TO DO: On how many lines of the records below does the string "Rightarrow" appear? Reply with only the number.

Collected data entries:
○ ○ ○ ○
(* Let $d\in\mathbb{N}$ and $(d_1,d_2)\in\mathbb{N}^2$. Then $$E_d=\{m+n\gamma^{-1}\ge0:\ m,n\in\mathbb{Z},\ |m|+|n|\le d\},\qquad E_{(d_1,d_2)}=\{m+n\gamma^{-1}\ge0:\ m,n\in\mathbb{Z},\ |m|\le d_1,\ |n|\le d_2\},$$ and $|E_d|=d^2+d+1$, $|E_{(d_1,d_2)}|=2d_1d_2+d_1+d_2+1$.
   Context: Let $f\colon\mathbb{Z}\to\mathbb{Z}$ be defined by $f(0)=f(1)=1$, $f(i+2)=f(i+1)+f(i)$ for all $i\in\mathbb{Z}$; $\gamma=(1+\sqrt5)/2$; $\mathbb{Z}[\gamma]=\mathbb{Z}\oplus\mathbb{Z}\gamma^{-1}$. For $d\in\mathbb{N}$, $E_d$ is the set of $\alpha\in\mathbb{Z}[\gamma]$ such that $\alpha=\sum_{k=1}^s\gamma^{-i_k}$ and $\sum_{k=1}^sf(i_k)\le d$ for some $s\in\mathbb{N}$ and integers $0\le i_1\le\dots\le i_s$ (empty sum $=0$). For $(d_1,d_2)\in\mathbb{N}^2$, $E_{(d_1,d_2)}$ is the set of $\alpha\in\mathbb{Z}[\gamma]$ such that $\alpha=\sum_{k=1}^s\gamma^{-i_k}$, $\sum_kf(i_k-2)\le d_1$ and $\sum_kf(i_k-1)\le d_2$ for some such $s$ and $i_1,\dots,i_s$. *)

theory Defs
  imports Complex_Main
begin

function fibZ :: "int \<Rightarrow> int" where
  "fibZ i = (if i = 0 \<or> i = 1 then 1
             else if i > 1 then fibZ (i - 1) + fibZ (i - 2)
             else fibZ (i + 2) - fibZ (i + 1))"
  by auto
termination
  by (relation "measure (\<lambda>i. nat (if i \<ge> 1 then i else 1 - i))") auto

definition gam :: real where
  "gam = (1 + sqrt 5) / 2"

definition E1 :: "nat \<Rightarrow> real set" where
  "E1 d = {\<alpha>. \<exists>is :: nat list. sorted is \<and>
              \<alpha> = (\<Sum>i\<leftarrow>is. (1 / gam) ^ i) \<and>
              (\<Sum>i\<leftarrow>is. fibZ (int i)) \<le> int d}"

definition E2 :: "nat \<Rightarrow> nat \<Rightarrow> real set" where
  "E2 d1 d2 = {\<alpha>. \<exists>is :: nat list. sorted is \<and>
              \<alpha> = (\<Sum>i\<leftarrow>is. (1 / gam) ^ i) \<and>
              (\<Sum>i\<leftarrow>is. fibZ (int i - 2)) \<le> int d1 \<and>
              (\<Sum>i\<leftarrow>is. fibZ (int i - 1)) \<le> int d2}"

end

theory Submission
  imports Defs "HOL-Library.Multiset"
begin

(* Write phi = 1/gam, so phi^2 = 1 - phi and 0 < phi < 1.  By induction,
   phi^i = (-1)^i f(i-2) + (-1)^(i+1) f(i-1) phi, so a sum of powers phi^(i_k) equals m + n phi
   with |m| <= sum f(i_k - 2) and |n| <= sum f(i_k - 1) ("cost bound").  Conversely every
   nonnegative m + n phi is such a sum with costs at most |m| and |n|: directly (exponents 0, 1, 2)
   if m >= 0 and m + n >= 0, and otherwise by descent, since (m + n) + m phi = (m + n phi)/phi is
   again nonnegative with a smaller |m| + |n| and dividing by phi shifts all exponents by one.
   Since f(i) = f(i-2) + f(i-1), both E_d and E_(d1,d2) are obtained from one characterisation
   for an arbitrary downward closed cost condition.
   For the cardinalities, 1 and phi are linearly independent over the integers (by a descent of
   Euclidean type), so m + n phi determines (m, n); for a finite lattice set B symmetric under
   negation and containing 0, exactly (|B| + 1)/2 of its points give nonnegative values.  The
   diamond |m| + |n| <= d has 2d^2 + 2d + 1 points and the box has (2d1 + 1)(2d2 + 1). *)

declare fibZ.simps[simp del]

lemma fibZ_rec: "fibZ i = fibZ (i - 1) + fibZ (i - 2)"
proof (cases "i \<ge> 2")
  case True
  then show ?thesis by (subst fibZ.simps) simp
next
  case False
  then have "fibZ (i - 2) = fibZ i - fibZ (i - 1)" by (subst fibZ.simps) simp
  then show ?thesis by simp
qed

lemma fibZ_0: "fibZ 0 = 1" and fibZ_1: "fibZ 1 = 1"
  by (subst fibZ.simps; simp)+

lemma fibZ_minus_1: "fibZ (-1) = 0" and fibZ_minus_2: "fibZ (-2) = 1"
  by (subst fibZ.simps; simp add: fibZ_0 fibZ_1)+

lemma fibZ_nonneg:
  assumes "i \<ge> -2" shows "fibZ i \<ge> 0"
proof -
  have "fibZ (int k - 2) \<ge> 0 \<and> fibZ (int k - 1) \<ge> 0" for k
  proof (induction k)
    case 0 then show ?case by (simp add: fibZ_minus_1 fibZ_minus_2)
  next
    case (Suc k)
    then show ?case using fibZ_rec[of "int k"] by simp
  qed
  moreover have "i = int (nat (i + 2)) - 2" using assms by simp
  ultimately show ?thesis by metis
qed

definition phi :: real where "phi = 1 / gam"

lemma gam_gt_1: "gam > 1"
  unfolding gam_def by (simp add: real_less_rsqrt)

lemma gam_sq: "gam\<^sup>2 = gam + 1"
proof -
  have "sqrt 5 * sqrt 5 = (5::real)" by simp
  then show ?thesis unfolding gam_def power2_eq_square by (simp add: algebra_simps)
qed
○ ○ ○ ○
EXERCISE ANSWER: 3